Britain will now have to take part in the European elections or leave on or before June the 1st.

That could make European elections relevant for the very first time as Brit-ins and Brexiteers peacefully fight it out through the ballot box.

Following a petition to revoke article 50, which has now reached 6 million signatures, and a march by more than 1 million people to Brit-in, this could be LibDem’s moment to shine.

They are the only major party to campaign on a confirmatory referendum with Liberal Democrats best described as classic liberals: pro social tolerance and pro free market.

They will face banker Farage and other hard Brexiteers who could potentially profit from the chaos of no-deal as arguably many hedge funds did on the Brexit results day.

The results of the European election – if it is taken seriously by all parties – might give the first indication of where the people stand. Will they send “fighters” or will they send olive branches?
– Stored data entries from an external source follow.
lemma compact_two_step_params: "compact (two_step_params xl xu bl bu C)"
proof -
  have "closed (two_step_params xl xu bl bu C)" unfolding two_step_params_def case_prod_unfold
    by (intro closed_Collect_conj closed_Collect_le closed_Collect_eq continuous_intros)
  then have "compact (({bl..bu} \<times> {0..bu-bl} \<times> {0..bu-bl} \<times> {xl..xu} \<times> {xl..xu}) \<inter> two_step_params xl xu bl bu C)"
    by (intro compact_Int_closed compact_Times compact_Icc)
  also have "({bl..bu} \<times> {0..bu-bl} \<times> {0..bu-bl} \<times> {xl..xu} \<times> {xl..xu}) \<inter> two_step_params xl xu bl bu C
      = two_step_params xl xu bl bu C"
    by (auto simp: two_step_params_def)
  finally show ?thesis .
qed

lemma two_step_params_nonempty:
  assumes "xl < xu" "bl * (xu - xl) \<le> C" "C \<le> bu * (xu - xl)"
  shows "(C / (xu - xl), 0, 0, xl, xl) \<in> two_step_params xl xu bl bu C"
  using assms by (simp add: field_simps)

lemma two_step_feasible:
  assumes "xl < xu" "p \<in> two_step_params xl xu bl bu C"
  shows "feasible7 xl xu bl bu C (two_step p)"
proof -
  obtain y0 d1 d2 q1 q2 where p: "p = (y0, d1, d2, q1, q2)" by (cases p) auto
  have valid: "valid_jumps xl xu [(d1, q1), (d2, q2)]" and y0: "bl \<le> y0" "y0 + d1 + d2 \<le> bu"
    using assms(2) by (auto simp: p)
  have "(two_step p has_integral C) {xl<..xu}"
    using step_fun_has_integral[OF _ valid, of y0] assms by (auto simp: p algebra_simps)
  moreover have "bl \<le> two_step p x \<and> two_step p x \<le> bu" for x
    using step_fun_bounds[OF valid, of y0 x] y0 by (simp add: p)
  ultimately show ?thesis unfolding feasible7_def p two_step.simps
    using step_fun_antimono[OF valid] step_fun_continuous_at_left by (auto simp: p)
qed

lemma two_step_three_levels:
  assumes "p \<in> two_step_params xl xu bl bu C"
  shows "\<exists>y1 y2 y3 x1 x2. bl \<le> y3 \<and> y3 \<le> y2 \<and> y2 \<le> y1 \<and> y1 \<le> bu \<and> xl \<le> x1 \<and> x1 \<le> x2 \<and> x2 \<le> xu \<and>
    (\<forall>x. two_step p x = (if x \<le> x1 then y1 else if x \<le> x2 then y2 else y3))"
proof -
  obtain y0 d1 d2 q1 q2 where p: "p = (y0, d1, d2, q1, q2)" by (cases p) auto
  have ranges: "bl \<le> y0" "0 \<le> d1" "0 \<le> d2" "y0 + d1 + d2 \<le> bu" "xl \<le> q1" "q1 \<le> xu" "xl \<le> q2" "q2 \<le> xu"
    using assms by (simp_all add: p)
  show ?thesis
  proof (cases "q1 \<le> q2")
    case True
    then have "two_step p x = (if x \<le> q1 then y0 + d1 + d2 else if x \<le> q2 then y0 + d2 else y0)" for x
      by (simp add: p)
    then show ?thesis using True ranges
      by (intro exI[of _ "y0 + d1 + d2"] exI[of _ "y0 + d2"] exI[of _ y0] exI[of _ q1] exI[of _ q2]) simp
  next
    case False
    then have "two_step p x = (if x \<le> q2 then y0 + d1 + d2 else if x \<le> q1 then y0 + d1 else y0)" for x
      by (simp add: p)
    then show ?thesis using False ranges
      by (intro exI[of _ "y0 + d1 + d2"] exI[of _ "y0 + d1"] exI[of _ y0] exI[of _ q2] exI[of _ q1]) simp
  qed
qed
Markets have not reacted to this news as in effect nothing has changed. The deadlock remains still in place. The choices remain unappetizing for parliament and the public.

That great house of democracy may need to call a Citizens’ Assembly. Let the ordinary people get the microphone too, see if they can reach any conclusion.

Otherwise this delay might be just the second of many. With a result of 52%-48% and a number of irregularities such as expats’ postal votes not counted due to ostensibly arriving late, with no mandate in the 2017 election, with a new election perhaps giving yet another hung parliament as LibDems might surge, with the decision facing Britain the biggest since Churchill ruled, perhaps this sort of out, but not really out, kicking of the can is maybe what should have been expected.

For there has effectively already been a Brexit of sorts. Germany and France have sort of merged politically. They have laid out historic plans for an EU army. Britain no longer is at the table nor does it really have a veto, but still has all the other rights and obligations.

Being out may well mean being in, but without shared sovereignty in a round table of equals (where some are a bit more equal than others due to veto rights) and without a loud microphone.